As described in claim 16, the step of obtaining the diversity value between algorithms, the correlation value between features, and the distance value between hyperparameters of the same algorithm by the pipeline sampling score calculation module using the prediction result, the accuracy, and the new pipeline includes: the pipeline sampling score calculation module obtains the diversity value between algorithms using a first accuracy best initial pipeline prediction result and a second accuracy best initial pipeline prediction result.

A method as described in claim 16, wherein the device further includes a transceiver, wherein the data set includes multiple features, wherein an initial feature set corresponds to the initial pipeline, and the initial feature set includes at least one of the multiple features, wherein the pipeline sampling score calculation module uses the prediction result, the accuracy and the new pipeline to obtain the diversity value between algorithms, the correlation value between features and the distance value between hyperparameters of the same algorithm, including: the data acquisition and pipeline initialization module receives the data set through the transceiver; the pipeline sampling score calculation module receives the new pipeline through the transceiver, wherein a new feature set corresponds to the new pipeline, and the new feature set includes at least one of the multiple features; and the pipeline sampling score calculation module uses the initial feature set and the new feature set to obtain the correlation value between features.

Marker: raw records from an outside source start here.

lemma perm_mat_mult:
  assumes "\<forall>i<n. p i < n"
  shows "perm_mat n p * perm_mat n q = perm_mat n (q \<circ> p)"
proof (rule eq_matI)
  fix i j assume "i < dim_row (perm_mat n (q \<circ> p))" "j < dim_col (perm_mat n (q \<circ> p))"
  then have i: "i < n" and j: "j < n" by (auto simp: perm_mat_def)
  have "(perm_mat n p * perm_mat n q) $$ (i, j) =
      (\<Sum>k<n. (if k = p i then 1 else 0) * (if j = q k then 1 else 0))"
    using i j by (simp add: perm_mat_def scalar_prod_def atLeast0LessThan row_def col_def)
  also have "\<dots> = (if j = q (p i) then 1 else 0)"
    using assms i by (simp add: if_distrib[of "\<lambda>x. x * _"] sum.delta cong: if_cong)
  finally show "(perm_mat n p * perm_mat n q) $$ (i, j) = perm_mat n (q \<circ> p) $$ (i, j)"
    using i j by (simp add: perm_mat_def)
qed (auto simp: perm_mat_def)

lemma smult_perm_mat_mult: "(c \<cdot>\<^sub>m perm_mat n p) * perm_mat n q = c \<cdot>\<^sub>m (perm_mat n p * perm_mat n q)"
  by (rule mult_smult_assoc_mat) auto

definition perm_s :: "nat \<Rightarrow> nat" where
  "perm_s i = (if i = 0 then 0 else if i = 1 then 2 else 1)"

definition perm_r :: "nat \<Rightarrow> nat" where
  "perm_r i = (if i = 0 then 2 else if i = 1 then 0 else 1)"

lemma less_3_iff: "i < (3::nat) \<longleftrightarrow> i = 0 \<or> i = 1 \<or> i = 2"
  by auto

lemma perm_s_less: "\<forall>i<3. perm_s i < 3" and perm_r_less: "\<forall>i<3. perm_r i < 3"
  and perm_r_r_less: "\<forall>i<3. (perm_r \<circ> perm_r) i < 3"
  by (auto simp: perm_s_def perm_r_def)

lemma Ts6_perm_mat: "Ts6 = perm_mat 3 perm_s"
  by (rule eq_matI) (auto simp: Ts6_def perm_mat_def perm_s_def mat_of_rows_list_def less_3_iff)

lemma Ts7_perm_mat: "Ts7 = (-1) \<cdot>\<^sub>m perm_mat 3 perm_s"
  by (rule eq_matI) (auto simp: Ts7_def perm_mat_def perm_s_def mat_of_rows_list_def less_3_iff)

lemma Tr67_perm_mat: "Tr67 = perm_mat 3 perm_r"
  by (rule eq_matI) (auto simp: Tr67_def perm_mat_def perm_r_def mat_of_rows_list_def less_3_iff)

lemma Tr67_pow:
  "Tr67 ^\<^sub>m 0 = perm_mat 3 id" "Tr67 ^\<^sub>m Suc 0 = perm_mat 3 perm_r"
  "Tr67 ^\<^sub>m 2 = perm_mat 3 (perm_r \<circ> perm_r)"
  by (simp_all add: Tr67_perm_mat perm_mat_id numeral_2_eq_2 perm_mat_mult perm_r_less)

lemma Ts6_pow: "Ts6 ^\<^sub>m 0 = perm_mat 3 id" "Ts6 ^\<^sub>m Suc 0 = perm_mat 3 perm_s"
  by (simp_all add: Ts6_perm_mat perm_mat_id)

lemma Ts7_pow: "Ts7 ^\<^sub>m 0 = perm_mat 3 id" "Ts7 ^\<^sub>m Suc 0 = (-1) \<cdot>\<^sub>m perm_mat 3 perm_s"
  by (simp_all add: Ts7_perm_mat perm_mat_id)

text \<open>The index of the basis vector \<open>e\<^sub>i \<cdot> h\<close> of \<open>V\<^sub>6\<close> and \<open>V\<^sub>7\<close>; there \<open>e\<^sub>i \<cdot> h = \<epsilon>\<^bsup>sexp h\<^esup> e\<^bsub>act67 i h\<^esub>\<close>
  with \<open>\<epsilon> = 1\<close> resp. \<open>\<epsilon> = -1\<close>.\<close>
fun act67 :: "nat \<Rightarrow> s3 \<Rightarrow> nat" where
  "act67 i E = i"
| "act67 i R = (if i = 0 then 2 else if i = 1 then 0 else 1)"
| "act67 i R2 = (if i = 0 then 1 else if i = 1 then 2 else 0)"
| "act67 i S = (if i = 0 then 0 else if i = 1 then 2 else 1)"
| "act67 i SR = (if i = 0 then 2 else if i = 1 then 1 else 0)"
| "act67 i SR2 = (if i = 0 then 1 else if i = 1 then 0 else 2)"

definition mono67 :: "complex \<Rightarrow> s3 \<Rightarrow> nat \<Rightarrow> nat \<Rightarrow> complex" where
  "mono67 \<epsilon> h i j = (if j = act67 i h then \<epsilon> ^ sexp h else 0)"

lemma act67_less: "k < 3 \<Longrightarrow> act67 k h < 3"
  by (cases h) auto

lemma act67_mem: "i < 3 \<Longrightarrow> act67 i h \<in> {0, 1, 2}"
  by (cases h) auto

lemma act67_eq_iff: "k < 3 \<Longrightarrow> k' < 3 \<Longrightarrow> act67 k' h = k \<longleftrightarrow> k' = act67 k (s3_inv h)"
  unfolding less_3_iff by (cases h) auto

lemma grade67_2 [simp]: "grade67 2 = SR2"
  by (simp add: numeral_2_eq_2)

lemma Ts6_Tr67_entry:
  "i < 3 \<Longrightarrow> j < 3 \<Longrightarrow> (Ts6 ^\<^sub>m sexp h * Tr67 ^\<^sub>m rexp h) $$ (i, j) = mono67 1 h i j"
  by (cases h) (simp_all del: pow_mat.simps add: Ts6_pow Tr67_pow perm_mat_mult perm_mat_entry
      mono67_def perm_s_def perm_r_def less_3_iff perm_s_less perm_r_less perm_r_r_less)

lemma Ts7_Tr67_entry:
  "i < 3 \<Longrightarrow> j < 3 \<Longrightarrow> (Ts7 ^\<^sub>m sexp h * Tr67 ^\<^sub>m rexp h) $$ (i, j) = mono67 (-1) h i j"
  by (cases h) (simp_all del: pow_mat.simps add: Ts7_pow Tr67_pow perm_mat_mult perm_mat_entry
      smult_perm_mat_mult mono67_def perm_s_def perm_r_def less_3_iff perm_s_less perm_r_less perm_r_r_less)

lemma V6_entry: "i < 3 \<Longrightarrow> j < 3 \<Longrightarrow> V6 a $$ (i, j) = (\<Sum>h\<in>UNIV. a (grade67 i, h) * mono67 1 h i j)"
  by (simp add: V6_def graded_act_def Ts6_Tr67_entry)

lemma V7_entry: "i < 3 \<Longrightarrow> j < 3 \<Longrightarrow> V7 a $$ (i, j) = (\<Sum>h\<in>UNIV. a (grade67 i, h) * mono67 (-1) h i j)"
  by (simp add: V7_def graded_act_def Ts7_Tr67_entry)

lemma V6_carrier: "V6 a \<in> carrier_mat 3 3"
  by (simp add: V6_def graded_act_def)

lemma V7_carrier: "V7 a \<in> carrier_mat 3 3"
  by (simp add: V7_def graded_act_def)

The method of claim 16, wherein an initial hyperparameter corresponds to the initial pipeline, wherein a new hyperparameter corresponds to the new pipeline, wherein the pipeline sampling score calculation module uses the prediction result, the accuracy and the new pipeline to obtain the inter-algorithm diversity value, the inter-feature correlation value and the distance value between the hyperparameters of the same algorithm, including: the pipeline sampling score calculation module uses the initial hyperparameter and the new hyperparameter to obtain the distance value between the hyperparameters of the same algorithm.

As described in claim 16, the step of obtaining the sampling score corresponding to the new pipeline by the pipeline sampling score calculation module using the inter-algorithm diversity value, the inter-feature correlation value, and the distance value between the hyperparameters of the same algorithm includes: the pipeline sampling score calculation module uses the inter-algorithm diversity value, the inter-feature correlation value, and the distance value between the hyperparameters of the same algorithm to establish a hybrid kernel; and the pipeline sampling score calculation module uses a sampling function and the hybrid kernel to obtain the sampling score corresponding to the new pipeline.